Work order
Retype, word for word, each line between the lines holding "contribute equally and" and "c\<^sup>2) = ennreal", inclusive, and leave the rest of the data alone.

Data for this exercise
►

(* Let $\ddot q\in L^{1,2}_a(\Omega_\delta\times\Omega_\delta)$ with $\ddot q\not\equiv0$. Then the problem $\min_{\kappa_0\in\mathbb{A}^0_\delta}\hat I(\ddot\kappa_0;\ddot q)$, where $\ddot\kappa_0$ is defined by $2\ddot\kappa_0^{-1}(x,x')=\kappa_0^{-1}(x)+\kappa_0^{-1}(x')$, admits an optimal solution given pointwise by $\hat\kappa_0(x)=\hat c_\delta\big[\int_{\Omega_\delta}|\ddot q(x,x')|^2dx'\big]^{1/2}$, where $\hat c_\delta=|\Omega_\delta|\,\|\ddot q\|^{-1}_{L^{1,2}(\Omega_\delta\times\Omega_\delta)}$.
   Context: $\Omega_\delta\subset\mathbb{R}^n$ is a bounded open set. $L^{1,2}(\Omega_\delta\times\Omega_\delta)$ is the mixed-norm space with norm $\|\ddot q\|_{L^{1,2}}=\int_{\Omega_\delta}(\int_{\Omega_\delta}|\ddot q(x,x')|^2dx')^{1/2}dx$; $L^{1,2}_a$ is its subspace of antisymmetric functions ($\ddot q(x,x')=-\ddot q(x',x)$ a.e.). $\mathbb{A}^0_\delta=\{\kappa_0\in L^1(\Omega_\delta):\kappa_0\ge0\text{ a.e.},\ \int_{\Omega_\delta}\kappa_0\le|\Omega_\delta|\}$. $\hat I(\ddot\kappa;\ddot q)=\frac12\int_{\Omega_\delta}\int_{\Omega_\delta}\ddot\kappa^{-1}(x,x')\ddot q(x,x')^2\,dx\,dx'$, with $\kappa_0^{-1}=+\infty$ where $\kappa_0=0$ and the convention $(+\infty)\cdot0=0$. *)

theory Defs
  imports "HOL-Analysis.Analysis"
begin

abbreviation dom_meas :: "'a::euclidean_space set \<Rightarrow> 'a measure" where
  "dom_meas \<Omega> \<equiv> lebesgue_on \<Omega>"

abbreviation dom2_meas :: "'a::euclidean_space set \<Rightarrow> ('a \<times> 'a) measure" where
  "dom2_meas \<Omega> \<equiv> lebesgue_on \<Omega> \<Otimes>\<^sub>M lebesgue_on \<Omega>"

definition row_norm :: "'a::euclidean_space set \<Rightarrow> ('a \<times> 'a \<Rightarrow> real) \<Rightarrow> 'a \<Rightarrow> real" where
  "row_norm \<Omega> q x = sqrt (\<integral>x'. (q (x, x'))\<^sup>2 \<partial>dom_meas \<Omega>)"

definition in_L12 :: "'a::euclidean_space set \<Rightarrow> ('a \<times> 'a \<Rightarrow> real) \<Rightarrow> bool" where
  "in_L12 \<Omega> q \<longleftrightarrow> q \<in> borel_measurable (dom2_meas \<Omega>)
     \<and> (AE x in dom_meas \<Omega>. integrable (dom_meas \<Omega>) (\<lambda>x'. (q (x, x'))\<^sup>2))
     \<and> integrable (dom_meas \<Omega>) (row_norm \<Omega> q)"

definition L12_norm :: "'a::euclidean_space set \<Rightarrow> ('a \<times> 'a \<Rightarrow> real) \<Rightarrow> real" where
  "L12_norm \<Omega> q = (\<integral>x. row_norm \<Omega> q x \<partial>dom_meas \<Omega>)"

definition in_L12a :: "'a::euclidean_space set \<Rightarrow> ('a \<times> 'a \<Rightarrow> real) \<Rightarrow> bool" where
  "in_L12a \<Omega> q \<longleftrightarrow> in_L12 \<Omega> q \<and> (AE z in dom2_meas \<Omega>. q (fst z, snd z) = - q (snd z, fst z))"

definition adm0 :: "'a::euclidean_space set \<Rightarrow> ('a \<Rightarrow> real) set" where
  "adm0 \<Omega> = {\<kappa>0. integrable (dom_meas \<Omega>) \<kappa>0 \<and> (AE x in dom_meas \<Omega>. \<kappa>0 x \<ge> 0)
                 \<and> (\<integral>x. \<kappa>0 x \<partial>dom_meas \<Omega>) \<le> measure lebesgue \<Omega>}"

text \<open>Inverse of kappa0 in [0,\<infinity>], with inverse 0 = \<infinity>; ennreal arithmetic has \<infinity> * 0 = 0.\<close>
definition kinv :: "('a \<Rightarrow> real) \<Rightarrow> 'a \<Rightarrow> ennreal" where
  "kinv \<kappa>0 x = inverse (ennreal (\<kappa>0 x))"

definition kdd_inv :: "('a \<Rightarrow> real) \<Rightarrow> 'a \<times> 'a \<Rightarrow> ennreal" where
  "kdd_inv \<kappa>0 z = (kinv \<kappa>0 (fst z) + kinv \<kappa>0 (snd z)) / 2"

definition I_hat :: "'a::euclidean_space set \<Rightarrow> ('a \<times> 'a \<Rightarrow> ennreal) \<Rightarrow> ('a \<times> 'a \<Rightarrow> real) \<Rightarrow> ennreal" where
  "I_hat \<Omega> kinvdd q = (\<integral>\<^sup>+ z. (1/2) * kinvdd z * ennreal ((q z)\<^sup>2) \<partial>dom2_meas \<Omega>)"

end

theory Submission
  imports Defs
begin

(* Since q is antisymmetric, q^2 is symmetric, so both halves of the two-point weight
   contribute equally and I_hat(kdd_inv k; q) = 1/2 \<integral> r^2 / k, where r is the row norm of q.
   Pointwise AM-GM gives r^2 / k + k / c^2 \<ge> 2 r / c, with equality iff k = c r.  Integrating
   and using \<integral> k \<le> |\<Omega>| bounds \<integral> r^2 / k from below by 2 \<parallel>q\<parallel> / c - |\<Omega>| / c^2; for
   c = |\<Omega>| / \<parallel>q\<parallel> this is \<parallel>q\<parallel>^2 / |\<Omega>|, which is exactly the value attained by k = c r. *)

lemma ennreal_le_of_double_le_add:
  fixes a :: real
  assumes "ennreal (2 * a) \<le> x + ennreal a"
  shows "ennreal a \<le> x"
proof (cases x)
  case (real y)
  show ?thesis
  proof (cases "a \<le> 0")
    case False
    then have "ennreal (2 * a) \<le> ennreal (y + a)"
      using assms real by simp
    then have "2 * a \<le> y + a"
      using False real ennreal_le_iff[of "y + a" "2 * a"] by linarith
    then show ?thesis using real by (simp add: ennreal_leI)
  qed (simp add: ennreal_neg)
qed simp

lemma ennreal_amgm_inverse:
  fixes r c k :: real
  assumes "r \<ge> 0" "c > 0"
  shows "ennreal (2 * r / c) \<le> inverse (ennreal k) * ennreal (r\<^sup>2) + ennreal (k / c\<^sup>2)"
proof (cases "r > 0 \<and> k > 0")
  case True
  have "2 * r / c \<le> r\<^sup>2 / k + k / c\<^sup>2"
  proof -
    have "r\<^sup>2 / k + k / c\<^sup>2 - 2 * r / c = (r * c - k)\<^sup>2 / (k * c\<^sup>2)"
      using True assms by (simp add: field_simps power2_eq_square)
    moreover have "(r * c - k)\<^sup>2 / (k * c\<^sup>2) \<ge> 0" using True by simp
    ultimately show ?thesis by linarith
  qed
  moreover have "inverse (ennreal k) * ennreal (r\<^sup>2) + ennreal (k / c\<^sup>2) = ennreal (r\<^sup>2 / k + k / c\<^sup>2)"
    using True assms by (simp add: inverse_ennreal divide_inverse ennreal_mult' mult.commute)
  ultimately show ?thesis by (simp add: ennreal_leI)
next
  case False
  \<comment> \<open>For \<open>k \<le> 0\<close> the inverse is \<open>\<infinity>\<close>, which beats \<open>2 r / c\<close> unless \<open>r = 0\<close>, where \<open>\<infinity> * 0 = 0\<close>.\<close>
  then consider "r = 0" | "r > 0" "k \<le> 0" using assms(1) by linarith
  then show ?thesis
  proof cases
    case 2
    then show ?thesis by (simp add: ennreal_neg ennreal_mult_top)
  qed simp
qed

◄

Output below
   contribute equally and I_hat(kdd_inv k; q) = 1/2 \<integral> r^2 / k, where r is the row norm of q.
   Pointwise AM-GM gives r^2 / k + k / c^2 \<ge> 2 r / c, with equality iff k = c r.  Integrating
   and using \<integral> k \<le> |\<Omega>| bounds \<integral> r^2 / k from below by 2 \<parallel>q\<parallel> / c - |\<Omega>| / c^2; for
   c = |\<Omega>| / \<parallel>q\<parallel> this is \<parallel>q\<parallel>^2 / |\<Omega>|, which is exactly the value attained by k = c r. *)

lemma ennreal_le_of_double_le_add:
  fixes a :: real
  assumes "ennreal (2 * a) \<le> x + ennreal a"
  shows "ennreal a \<le> x"
proof (cases x)
  case (real y)
  show ?thesis
  proof (cases "a \<le> 0")
    case False
    then have "ennreal (2 * a) \<le> ennreal (y + a)"
      using assms real by simp
    then have "2 * a \<le> y + a"
      using False real ennreal_le_iff[of "y + a" "2 * a"] by linarith
    then show ?thesis using real by (simp add: ennreal_leI)
  qed (simp add: ennreal_neg)
qed simp

lemma ennreal_amgm_inverse:
  fixes r c k :: real
  assumes "r \<ge> 0" "c > 0"
  shows "ennreal (2 * r / c) \<le> inverse (ennreal k) * ennreal (r\<^sup>2) + ennreal (k / c\<^sup>2)"
proof (cases "r > 0 \<and> k > 0")
  case True
  have "2 * r / c \<le> r\<^sup>2 / k + k / c\<^sup>2"
  proof -
    have "r\<^sup>2 / k + k / c\<^sup>2 - 2 * r / c = (r * c - k)\<^sup>2 / (k * c\<^sup>2)"
      using True assms by (simp add: field_simps power2_eq_square)
    moreover have "(r * c - k)\<^sup>2 / (k * c\<^sup>2) \<ge> 0" using True by simp
    ultimately show ?thesis by linarith
  qed
  moreover have "inverse (ennreal k) * ennreal (r\<^sup>2) + ennreal (k / c\<^sup>2) = ennreal (r\<^sup>2 / k + k / c\<^sup>2)"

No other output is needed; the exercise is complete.